*** Dataset records ***

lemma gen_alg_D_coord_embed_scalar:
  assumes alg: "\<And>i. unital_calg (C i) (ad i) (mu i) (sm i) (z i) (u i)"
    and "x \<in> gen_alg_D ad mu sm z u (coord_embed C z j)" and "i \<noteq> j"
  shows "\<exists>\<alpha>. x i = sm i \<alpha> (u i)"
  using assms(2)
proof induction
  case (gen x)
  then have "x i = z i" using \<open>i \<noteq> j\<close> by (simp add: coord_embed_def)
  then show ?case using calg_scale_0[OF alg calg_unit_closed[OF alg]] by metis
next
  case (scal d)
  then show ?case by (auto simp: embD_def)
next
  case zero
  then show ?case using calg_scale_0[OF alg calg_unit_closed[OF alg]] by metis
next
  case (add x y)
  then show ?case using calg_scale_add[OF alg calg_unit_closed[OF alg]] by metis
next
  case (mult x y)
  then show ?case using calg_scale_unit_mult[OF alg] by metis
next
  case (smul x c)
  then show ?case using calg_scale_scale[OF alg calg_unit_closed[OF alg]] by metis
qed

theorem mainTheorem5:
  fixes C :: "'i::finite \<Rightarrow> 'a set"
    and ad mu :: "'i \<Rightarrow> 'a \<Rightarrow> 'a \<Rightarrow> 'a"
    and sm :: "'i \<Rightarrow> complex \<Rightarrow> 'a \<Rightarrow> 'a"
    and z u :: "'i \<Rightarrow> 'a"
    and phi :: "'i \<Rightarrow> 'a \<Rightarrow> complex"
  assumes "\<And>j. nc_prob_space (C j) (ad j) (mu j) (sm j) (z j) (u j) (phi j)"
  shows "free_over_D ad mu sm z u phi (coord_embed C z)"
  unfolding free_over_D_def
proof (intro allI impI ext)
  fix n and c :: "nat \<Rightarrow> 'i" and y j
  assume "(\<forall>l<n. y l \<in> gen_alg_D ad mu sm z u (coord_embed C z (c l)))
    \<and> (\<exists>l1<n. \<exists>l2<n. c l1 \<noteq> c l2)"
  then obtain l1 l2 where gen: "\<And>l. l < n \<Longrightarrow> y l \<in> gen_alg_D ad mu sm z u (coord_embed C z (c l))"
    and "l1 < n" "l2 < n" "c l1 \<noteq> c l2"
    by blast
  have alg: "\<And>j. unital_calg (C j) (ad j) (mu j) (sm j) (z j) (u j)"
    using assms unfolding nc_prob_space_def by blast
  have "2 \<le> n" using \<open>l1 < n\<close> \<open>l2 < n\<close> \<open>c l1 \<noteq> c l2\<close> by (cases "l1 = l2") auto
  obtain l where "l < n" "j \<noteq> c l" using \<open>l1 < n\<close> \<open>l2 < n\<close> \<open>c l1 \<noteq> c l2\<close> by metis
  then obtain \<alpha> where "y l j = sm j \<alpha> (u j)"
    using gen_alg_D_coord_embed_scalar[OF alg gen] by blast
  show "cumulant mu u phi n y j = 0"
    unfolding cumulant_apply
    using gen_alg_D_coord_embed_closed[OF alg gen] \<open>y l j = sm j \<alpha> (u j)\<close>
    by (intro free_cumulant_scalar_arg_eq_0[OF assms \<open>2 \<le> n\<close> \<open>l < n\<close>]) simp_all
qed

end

***
*** Dataset records ***

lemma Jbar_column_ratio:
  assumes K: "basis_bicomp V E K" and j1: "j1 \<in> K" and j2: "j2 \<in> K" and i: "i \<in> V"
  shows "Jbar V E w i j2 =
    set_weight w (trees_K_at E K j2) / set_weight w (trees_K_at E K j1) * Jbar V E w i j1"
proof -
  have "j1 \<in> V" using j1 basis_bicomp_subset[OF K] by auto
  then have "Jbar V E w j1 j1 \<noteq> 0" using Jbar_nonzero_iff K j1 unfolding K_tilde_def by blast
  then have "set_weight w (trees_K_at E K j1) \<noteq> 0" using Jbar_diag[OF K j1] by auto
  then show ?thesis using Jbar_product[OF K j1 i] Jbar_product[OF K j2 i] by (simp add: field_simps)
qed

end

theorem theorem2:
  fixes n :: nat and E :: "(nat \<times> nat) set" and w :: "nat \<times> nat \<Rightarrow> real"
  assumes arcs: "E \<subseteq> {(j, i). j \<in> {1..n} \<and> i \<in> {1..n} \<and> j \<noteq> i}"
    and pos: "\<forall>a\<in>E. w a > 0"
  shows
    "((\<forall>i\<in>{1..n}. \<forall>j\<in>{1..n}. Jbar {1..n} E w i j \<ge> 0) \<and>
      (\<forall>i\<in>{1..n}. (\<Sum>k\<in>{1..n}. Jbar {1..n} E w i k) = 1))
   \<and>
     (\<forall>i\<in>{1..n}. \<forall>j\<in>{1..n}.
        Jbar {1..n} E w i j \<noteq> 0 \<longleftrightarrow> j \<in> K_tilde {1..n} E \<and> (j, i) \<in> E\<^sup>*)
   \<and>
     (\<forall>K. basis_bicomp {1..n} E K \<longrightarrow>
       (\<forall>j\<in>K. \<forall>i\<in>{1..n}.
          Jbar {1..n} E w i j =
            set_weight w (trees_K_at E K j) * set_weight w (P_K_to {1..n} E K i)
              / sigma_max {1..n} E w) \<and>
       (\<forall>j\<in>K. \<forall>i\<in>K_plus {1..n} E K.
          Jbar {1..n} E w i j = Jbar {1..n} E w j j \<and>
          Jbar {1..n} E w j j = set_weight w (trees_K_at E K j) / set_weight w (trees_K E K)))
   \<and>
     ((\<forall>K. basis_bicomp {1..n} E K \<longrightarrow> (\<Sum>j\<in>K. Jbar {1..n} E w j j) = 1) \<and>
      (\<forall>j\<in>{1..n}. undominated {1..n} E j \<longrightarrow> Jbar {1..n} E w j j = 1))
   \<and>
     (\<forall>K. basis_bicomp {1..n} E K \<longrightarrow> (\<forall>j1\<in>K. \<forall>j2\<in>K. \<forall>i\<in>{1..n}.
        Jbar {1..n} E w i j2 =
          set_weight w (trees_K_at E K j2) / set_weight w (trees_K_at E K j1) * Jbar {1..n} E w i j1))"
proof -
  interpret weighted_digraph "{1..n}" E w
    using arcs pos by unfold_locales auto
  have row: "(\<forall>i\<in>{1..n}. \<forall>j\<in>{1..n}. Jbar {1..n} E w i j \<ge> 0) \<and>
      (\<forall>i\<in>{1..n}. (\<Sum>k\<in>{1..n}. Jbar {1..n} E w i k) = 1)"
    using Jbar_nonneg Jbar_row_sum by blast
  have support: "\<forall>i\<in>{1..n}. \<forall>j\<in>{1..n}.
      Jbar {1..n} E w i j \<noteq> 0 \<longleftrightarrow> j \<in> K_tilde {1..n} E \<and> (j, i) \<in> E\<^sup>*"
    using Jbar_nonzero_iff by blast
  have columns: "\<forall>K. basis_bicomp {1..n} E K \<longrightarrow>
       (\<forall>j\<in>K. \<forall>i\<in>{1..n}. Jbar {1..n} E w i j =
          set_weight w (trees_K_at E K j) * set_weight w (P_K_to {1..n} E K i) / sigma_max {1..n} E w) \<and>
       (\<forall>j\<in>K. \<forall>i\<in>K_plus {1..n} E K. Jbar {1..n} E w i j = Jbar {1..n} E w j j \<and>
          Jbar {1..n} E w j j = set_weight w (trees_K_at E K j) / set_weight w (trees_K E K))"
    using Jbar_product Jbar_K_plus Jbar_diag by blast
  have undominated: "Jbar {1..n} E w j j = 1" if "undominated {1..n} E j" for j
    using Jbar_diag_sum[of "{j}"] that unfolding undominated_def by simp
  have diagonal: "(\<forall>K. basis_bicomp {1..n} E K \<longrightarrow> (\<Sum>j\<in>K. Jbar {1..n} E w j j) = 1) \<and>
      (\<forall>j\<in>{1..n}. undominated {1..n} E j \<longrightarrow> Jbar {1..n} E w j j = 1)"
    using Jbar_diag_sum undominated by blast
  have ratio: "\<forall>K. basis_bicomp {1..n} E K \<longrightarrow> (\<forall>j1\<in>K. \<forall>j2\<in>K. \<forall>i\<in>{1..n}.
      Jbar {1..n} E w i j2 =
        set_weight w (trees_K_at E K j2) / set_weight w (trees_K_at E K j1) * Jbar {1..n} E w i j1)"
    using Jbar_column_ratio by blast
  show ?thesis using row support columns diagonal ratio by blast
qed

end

***

» **Problem to work on**
In the listing above, locate the line containing "(coord_embed C z (c l)))" and the line containing "l2\<close> by (cases", then transcribe both and every line between them verbatim.

» **Solved problem**
  assume "(\<forall>l<n. y l \<in> gen_alg_D ad mu sm z u (coord_embed C z (c l)))
    \<and> (\<exists>l1<n. \<exists>l2<n. c l1 \<noteq> c l2)"
  then obtain l1 l2 where gen: "\<And>l. l < n \<Longrightarrow> y l \<in> gen_alg_D ad mu sm z u (coord_embed C z (c l))"
    and "l1 < n" "l2 < n" "c l1 \<noteq> c l2"
    by blast
  have alg: "\<And>j. unital_calg (C j) (ad j) (mu j) (sm j) (z j) (u j)"
    using assms unfolding nc_prob_space_def by blast
  have "2 \<le> n" using \<open>l1 < n\<close> \<open>l2 < n\<close> \<open>c l1 \<noteq> c l2\<close> by (cases "l1 = l2") auto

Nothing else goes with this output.